Throughout the material below, count each line in which the word "that" appears, then reply with the count only.

--- Supplied material ---

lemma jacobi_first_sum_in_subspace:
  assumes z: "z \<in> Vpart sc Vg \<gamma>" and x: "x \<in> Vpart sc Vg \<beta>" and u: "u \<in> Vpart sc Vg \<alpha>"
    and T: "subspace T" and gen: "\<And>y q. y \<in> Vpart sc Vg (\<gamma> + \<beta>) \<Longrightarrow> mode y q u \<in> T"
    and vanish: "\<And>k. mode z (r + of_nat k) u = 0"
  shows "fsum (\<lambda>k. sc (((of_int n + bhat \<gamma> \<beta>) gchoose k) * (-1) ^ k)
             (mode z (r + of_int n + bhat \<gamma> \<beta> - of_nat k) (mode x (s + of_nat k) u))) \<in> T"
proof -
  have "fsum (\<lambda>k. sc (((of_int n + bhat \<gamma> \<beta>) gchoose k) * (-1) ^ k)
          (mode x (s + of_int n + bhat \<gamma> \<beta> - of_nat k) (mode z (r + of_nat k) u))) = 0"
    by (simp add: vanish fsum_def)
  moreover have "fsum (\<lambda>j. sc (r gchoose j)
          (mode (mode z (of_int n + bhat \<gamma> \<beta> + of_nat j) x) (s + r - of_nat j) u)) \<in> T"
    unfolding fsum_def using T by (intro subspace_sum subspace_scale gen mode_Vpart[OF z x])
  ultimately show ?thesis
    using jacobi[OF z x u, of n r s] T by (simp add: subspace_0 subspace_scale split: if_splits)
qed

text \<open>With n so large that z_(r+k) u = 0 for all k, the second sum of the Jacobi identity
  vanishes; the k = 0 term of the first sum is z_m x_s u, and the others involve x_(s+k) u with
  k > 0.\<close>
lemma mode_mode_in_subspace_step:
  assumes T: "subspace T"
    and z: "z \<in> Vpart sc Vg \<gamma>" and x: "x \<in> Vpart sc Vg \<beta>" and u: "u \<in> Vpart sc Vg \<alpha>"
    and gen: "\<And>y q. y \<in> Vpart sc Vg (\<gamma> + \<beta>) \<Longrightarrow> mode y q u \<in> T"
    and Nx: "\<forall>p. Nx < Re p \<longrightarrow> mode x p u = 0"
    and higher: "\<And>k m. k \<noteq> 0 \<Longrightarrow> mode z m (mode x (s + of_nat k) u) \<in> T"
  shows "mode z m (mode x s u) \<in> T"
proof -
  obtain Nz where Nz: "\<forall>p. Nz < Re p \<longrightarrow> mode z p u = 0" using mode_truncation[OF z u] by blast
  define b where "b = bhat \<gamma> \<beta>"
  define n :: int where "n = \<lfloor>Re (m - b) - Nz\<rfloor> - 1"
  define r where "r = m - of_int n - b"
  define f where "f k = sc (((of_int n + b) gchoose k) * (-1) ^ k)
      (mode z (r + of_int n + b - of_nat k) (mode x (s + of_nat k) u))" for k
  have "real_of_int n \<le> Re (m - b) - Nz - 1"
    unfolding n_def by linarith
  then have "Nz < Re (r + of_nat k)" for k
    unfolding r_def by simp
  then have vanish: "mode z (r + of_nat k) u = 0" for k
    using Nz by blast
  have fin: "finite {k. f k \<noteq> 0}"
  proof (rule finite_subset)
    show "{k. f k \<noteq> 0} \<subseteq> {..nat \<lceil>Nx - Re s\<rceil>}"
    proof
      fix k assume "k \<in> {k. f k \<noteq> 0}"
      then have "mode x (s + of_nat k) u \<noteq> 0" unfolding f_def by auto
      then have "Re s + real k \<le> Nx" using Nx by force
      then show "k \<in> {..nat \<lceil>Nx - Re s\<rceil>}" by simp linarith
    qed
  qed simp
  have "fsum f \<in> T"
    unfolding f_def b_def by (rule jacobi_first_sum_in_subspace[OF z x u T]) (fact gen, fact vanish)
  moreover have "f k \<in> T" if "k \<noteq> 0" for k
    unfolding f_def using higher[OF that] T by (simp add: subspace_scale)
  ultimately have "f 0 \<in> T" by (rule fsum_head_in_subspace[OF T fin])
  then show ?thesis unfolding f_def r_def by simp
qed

---
--- Supplied material ---

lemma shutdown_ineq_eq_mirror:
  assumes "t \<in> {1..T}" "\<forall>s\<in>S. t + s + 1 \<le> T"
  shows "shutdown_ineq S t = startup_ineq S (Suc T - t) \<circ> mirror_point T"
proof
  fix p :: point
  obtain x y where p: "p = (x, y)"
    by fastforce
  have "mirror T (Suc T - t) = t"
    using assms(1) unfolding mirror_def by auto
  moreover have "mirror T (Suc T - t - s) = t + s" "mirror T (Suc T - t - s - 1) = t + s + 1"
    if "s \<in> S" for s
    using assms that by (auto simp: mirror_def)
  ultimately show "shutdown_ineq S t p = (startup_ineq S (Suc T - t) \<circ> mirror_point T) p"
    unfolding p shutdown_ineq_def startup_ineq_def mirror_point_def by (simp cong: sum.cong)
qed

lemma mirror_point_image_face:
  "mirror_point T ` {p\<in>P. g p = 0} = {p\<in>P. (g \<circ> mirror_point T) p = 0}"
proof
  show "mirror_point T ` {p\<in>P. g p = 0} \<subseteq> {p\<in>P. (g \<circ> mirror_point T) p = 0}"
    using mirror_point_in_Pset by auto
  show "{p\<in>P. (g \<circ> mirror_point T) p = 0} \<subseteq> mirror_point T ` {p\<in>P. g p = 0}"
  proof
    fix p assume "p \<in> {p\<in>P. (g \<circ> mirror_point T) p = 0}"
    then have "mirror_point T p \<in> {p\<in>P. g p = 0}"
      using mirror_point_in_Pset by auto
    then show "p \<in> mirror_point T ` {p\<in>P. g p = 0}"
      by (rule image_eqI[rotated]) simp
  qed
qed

---

[Expected answer]: 3